(Records for the exercise begins)
(* If the ring $D(R_A)$ is simple, then the semigroup $\mathbb NA$ is scored.
   Context: $A\subset\mathbb Z^d$ is a finite set generating the group $\mathbb Z^d$; $R_A=\mathbb C[\mathbb NA]\subseteq\mathbb C[t_1^{\pm1},\dots,t_d^{\pm1}]$; $D(R_A)=\{P\in\mathbb C[t^{\pm1}]\langle\partial_1,\dots,\partial_d\rangle:P(R_A)\subseteq R_A\}$. For a facet $\sigma$ of the cone $\mathbb R_{\ge0}A$, $F_\sigma$ is the unique linear form with $F_\sigma(\mathbb R_{\ge0}A)\ge0$, $F_\sigma(\sigma)=0$, $F_\sigma(\mathbb Z^d)=\mathbb Z$. $\mathbb NA$ is scored if $\mathbb NA=\bigcap_{\sigma\text{ facet}}\{\mathbf a\in\mathbb Z^d:F_\sigma(\mathbf a)\in F_\sigma(\mathbb NA)\}$. Simple means no two-sided ideals other than $0$ and $D(R_A)$. *)

theory Defs
  imports "HOL-Analysis.Analysis" "HOL-Algebra.Ideal"
begin

text \<open>Lattice points of Z^d are vectors int^'d (d = CARD('d) arbitrary but fixed).
  A Laurent polynomial in C[t_1^{+-1},...,t_d^{+-1}] is a finitely supported coefficient
  function on Z^d.\<close>

type_synonym 'd lpoly = "int ^ 'd \<Rightarrow> complex"

definition laurent :: "'d lpoly \<Rightarrow> bool" where
  "laurent f \<longleftrightarrow> finite {m. f m \<noteq> 0}"

definition semigrp :: "(int ^ 'd) set \<Rightarrow> (int ^ 'd) set" where
  "semigrp A = {m. \<exists>k :: int ^ 'd \<Rightarrow> nat. m = (\<Sum>a\<in>A. int (k a) *s a)}"

definition grp :: "(int ^ 'd) set \<Rightarrow> (int ^ 'd) set" where
  "grp A = {m. \<exists>k :: int ^ 'd \<Rightarrow> int. m = (\<Sum>a\<in>A. k a *s a)}"

definition R_A :: "(int ^ 'd) set \<Rightarrow> 'd lpoly set" where
  "R_A A = {f. laurent f \<and> {m. f m \<noteq> 0} \<subseteq> semigrp A}"

text \<open>Action of the monomial operator t^a \<partial>^b on a (coefficient function of a)
  Laurent polynomial: \<partial>^b t^n = (prod_i n_i (n_i-1) ... (n_i-b_i+1)) t^(n-b), then
  multiply by t^a.\<close>
definition mono_op :: "int ^ 'd \<Rightarrow> nat ^ 'd \<Rightarrow> 'd lpoly \<Rightarrow> 'd lpoly" where
  "mono_op a b f = (\<lambda>m. let n = m - a + (\<chi> i. int (b $ i)) in
      f n * (\<Prod>i\<in>UNIV. of_int (\<Prod>j<b $ i. n $ i - int j)))"

definition diff_coeffs :: "((int ^ 'd) \<times> (nat ^ 'd) \<Rightarrow> complex) \<Rightarrow> bool" where
  "diff_coeffs c \<longleftrightarrow> finite {ab. c ab \<noteq> 0}"

definition diffop :: "((int ^ 'd) \<times> (nat ^ 'd) \<Rightarrow> complex) \<Rightarrow> 'd lpoly \<Rightarrow> 'd lpoly" where
  "diffop c f = (\<lambda>m. \<Sum>ab\<in>{ab. c ab \<noteq> 0}. c ab * mono_op (fst ab) (snd ab) f m)"

text \<open>D(R_A): operators of C[t^{+-1}]<\<partial>> mapping R_A into R_A (elements of the
  Laurent Weyl algebra are identified with the operators they induce, which is faithful).\<close>
definition DR :: "(int ^ 'd) set \<Rightarrow> ('d lpoly \<Rightarrow> 'd lpoly) set" where
  "DR A = {P. \<exists>c. diff_coeffs c \<and> P = diffop c \<and> (\<forall>f\<in>R_A A. P f \<in> R_A A)}"

definition D_ring :: "(int ^ 'd) set \<Rightarrow> ('d lpoly \<Rightarrow> 'd lpoly) ring" where
  "D_ring A = \<lparr> carrier = DR A, monoid.mult = (\<lambda>P Q. P \<circ> Q), one = id,
                zero = (\<lambda>f m. 0), add = (\<lambda>P Q f m. P f m + Q f m) \<rparr>"

definition simple_ring :: "('a, 'b) ring_scheme \<Rightarrow> bool" where
  "simple_ring R \<longleftrightarrow> (\<forall>I. ideal I R \<longrightarrow> I = {\<zero>\<^bsub>R\<^esub>} \<or> I = carrier R)"

definition to_real :: "int ^ 'd \<Rightarrow> real ^ 'd" where
  "to_real m = (\<chi> i. real_of_int (m $ i))"

definition real_cone :: "(int ^ 'd) set \<Rightarrow> (real ^ 'd) set" where
  "real_cone A = {x. \<exists>c :: int ^ 'd \<Rightarrow> real. (\<forall>a\<in>A. c a \<ge> 0) \<and>
                      x = (\<Sum>a\<in>A. c a *\<^sub>R to_real a)}"

definition Fform :: "(int ^ 'd) set \<Rightarrow> (real ^ 'd) set \<Rightarrow> real ^ 'd \<Rightarrow> real" where
  "Fform A \<sigma> = (THE F. linear F \<and> (\<forall>x\<in>real_cone A. F x \<ge> 0) \<and> (\<forall>x\<in>\<sigma>. F x = 0)
                      \<and> range (\<lambda>m. F (to_real m)) = \<int>)"

definition scored :: "(int ^ 'd) set \<Rightarrow> bool" where
  "scored A \<longleftrightarrow> semigrp A =
     \<Inter> {{m. Fform A \<sigma> (to_real m) \<in> (\<lambda>n. Fform A \<sigma> (to_real n)) ` semigrp A}
         | \<sigma>. \<sigma> facet_of real_cone A}"

end

theory Submission
  imports Defs "HOL-Computational_Algebra.Polynomial"
begin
(Records for the exercise ends)
● Task requirements: Each record above should be transcribed exactly.

● Result for this task:
(* If the ring $D(R_A)$ is simple, then the semigroup $\mathbb NA$ is scored.
   Context: $A\subset\mathbb Z^d$ is a finite set generating the group $\mathbb Z^d$; $R_A=\mathbb C[\mathbb NA]\subseteq\mathbb C[t_1^{\pm1},\dots,t_d^{\pm1}]$; $D(R_A)=\{P\in\mathbb C[t^{\pm1}]\langle\partial_1,\dots,\partial_d\rangle:P(R_A)\subseteq R_A\}$. For a facet $\sigma$ of the cone $\mathbb R_{\ge0}A$, $F_\sigma$ is the unique linear form with $F_\sigma(\mathbb R_{\ge0}A)\ge0$, $F_\sigma(\sigma)=0$, $F_\sigma(\mathbb Z^d)=\mathbb Z$. $\mathbb NA$ is scored if $\mathbb NA=\bigcap_{\sigma\text{ facet}}\{\mathbf a\in\mathbb Z^d:F_\sigma(\mathbf a)\in F_\sigma(\mathbb NA)\}$. Simple means no two-sided ideals other than $0$ and $D(R_A)$. *)

theory Defs
  imports "HOL-Analysis.Analysis" "HOL-Algebra.Ideal"
begin

text \<open>Lattice points of Z^d are vectors int^'d (d = CARD('d) arbitrary but fixed).
  A Laurent polynomial in C[t_1^{+-1},...,t_d^{+-1}] is a finitely supported coefficient
  function on Z^d.\<close>

type_synonym 'd lpoly = "int ^ 'd \<Rightarrow> complex"

definition laurent :: "'d lpoly \<Rightarrow> bool" where
  "laurent f \<longleftrightarrow> finite {m. f m \<noteq> 0}"

definition semigrp :: "(int ^ 'd) set \<Rightarrow> (int ^ 'd) set" where
  "semigrp A = {m. \<exists>k :: int ^ 'd \<Rightarrow> nat. m = (\<Sum>a\<in>A. int (k a) *s a)}"

definition grp :: "(int ^ 'd) set \<Rightarrow> (int ^ 'd) set" where
  "grp A = {m. \<exists>k :: int ^ 'd \<Rightarrow> int. m = (\<Sum>a\<in>A. k a *s a)}"

definition R_A :: "(int ^ 'd) set \<Rightarrow> 'd lpoly set" where
  "R_A A = {f. laurent f \<and> {m. f m \<noteq> 0} \<subseteq> semigrp A}"

text \<open>Action of the monomial operator t^a \<partial>^b on a (coefficient function of a)
  Laurent polynomial: \<partial>^b t^n = (prod_i n_i (n_i-1) ... (n_i-b_i+1)) t^(n-b), then
  multiply by t^a.\<close>
definition mono_op :: "int ^ 'd \<Rightarrow> nat ^ 'd \<Rightarrow> 'd lpoly \<Rightarrow> 'd lpoly" where
  "mono_op a b f = (\<lambda>m. let n = m - a + (\<chi> i. int (b $ i)) in
      f n * (\<Prod>i\<in>UNIV. of_int (\<Prod>j<b $ i. n $ i - int j)))"

definition diff_coeffs :: "((int ^ 'd) \<times> (nat ^ 'd) \<Rightarrow> complex) \<Rightarrow> bool" where
  "diff_coeffs c \<longleftrightarrow> finite {ab. c ab \<noteq> 0}"

definition diffop :: "((int ^ 'd) \<times> (nat ^ 'd) \<Rightarrow> complex) \<Rightarrow> 'd lpoly \<Rightarrow> 'd lpoly" where
  "diffop c f = (\<lambda>m. \<Sum>ab\<in>{ab. c ab \<noteq> 0}. c ab * mono_op (fst ab) (snd ab) f m)"

text \<open>D(R_A): operators of C[t^{+-1}]<\<partial>> mapping R_A into R_A (elements of the
  Laurent Weyl algebra are identified with the operators they induce, which is faithful).\<close>
definition DR :: "(int ^ 'd) set \<Rightarrow> ('d lpoly \<Rightarrow> 'd lpoly) set" where
  "DR A = {P. \<exists>c. diff_coeffs c \<and> P = diffop c \<and> (\<forall>f\<in>R_A A. P f \<in> R_A A)}"

definition D_ring :: "(int ^ 'd) set \<Rightarrow> ('d lpoly \<Rightarrow> 'd lpoly) ring" where
  "D_ring A = \<lparr> carrier = DR A, monoid.mult = (\<lambda>P Q. P \<circ> Q), one = id,
                zero = (\<lambda>f m. 0), add = (\<lambda>P Q f m. P f m + Q f m) \<rparr>"

definition simple_ring :: "('a, 'b) ring_scheme \<Rightarrow> bool" where
  "simple_ring R \<longleftrightarrow> (\<forall>I. ideal I R \<longrightarrow> I = {\<zero>\<^bsub>R\<^esub>} \<or> I = carrier R)"

definition to_real :: "int ^ 'd \<Rightarrow> real ^ 'd" where
  "to_real m = (\<chi> i. real_of_int (m $ i))"

definition real_cone :: "(int ^ 'd) set \<Rightarrow> (real ^ 'd) set" where
  "real_cone A = {x. \<exists>c :: int ^ 'd \<Rightarrow> real. (\<forall>a\<in>A. c a \<ge> 0) \<and>
                      x = (\<Sum>a\<in>A. c a *\<^sub>R to_real a)}"

definition Fform :: "(int ^ 'd) set \<Rightarrow> (real ^ 'd) set \<Rightarrow> real ^ 'd \<Rightarrow> real" where
  "Fform A \<sigma> = (THE F. linear F \<and> (\<forall>x\<in>real_cone A. F x \<ge> 0) \<and> (\<forall>x\<in>\<sigma>. F x = 0)
                      \<and> range (\<lambda>m. F (to_real m)) = \<int>)"

definition scored :: "(int ^ 'd) set \<Rightarrow> bool" where
  "scored A \<longleftrightarrow> semigrp A =
     \<Inter> {{m. Fform A \<sigma> (to_real m) \<in> (\<lambda>n. Fform A \<sigma> (to_real n)) ` semigrp A}
         | \<sigma>. \<sigma> facet_of real_cone A}"

end

theory Submission
  imports Defs "HOL-Computational_Algebra.Polynomial"
begin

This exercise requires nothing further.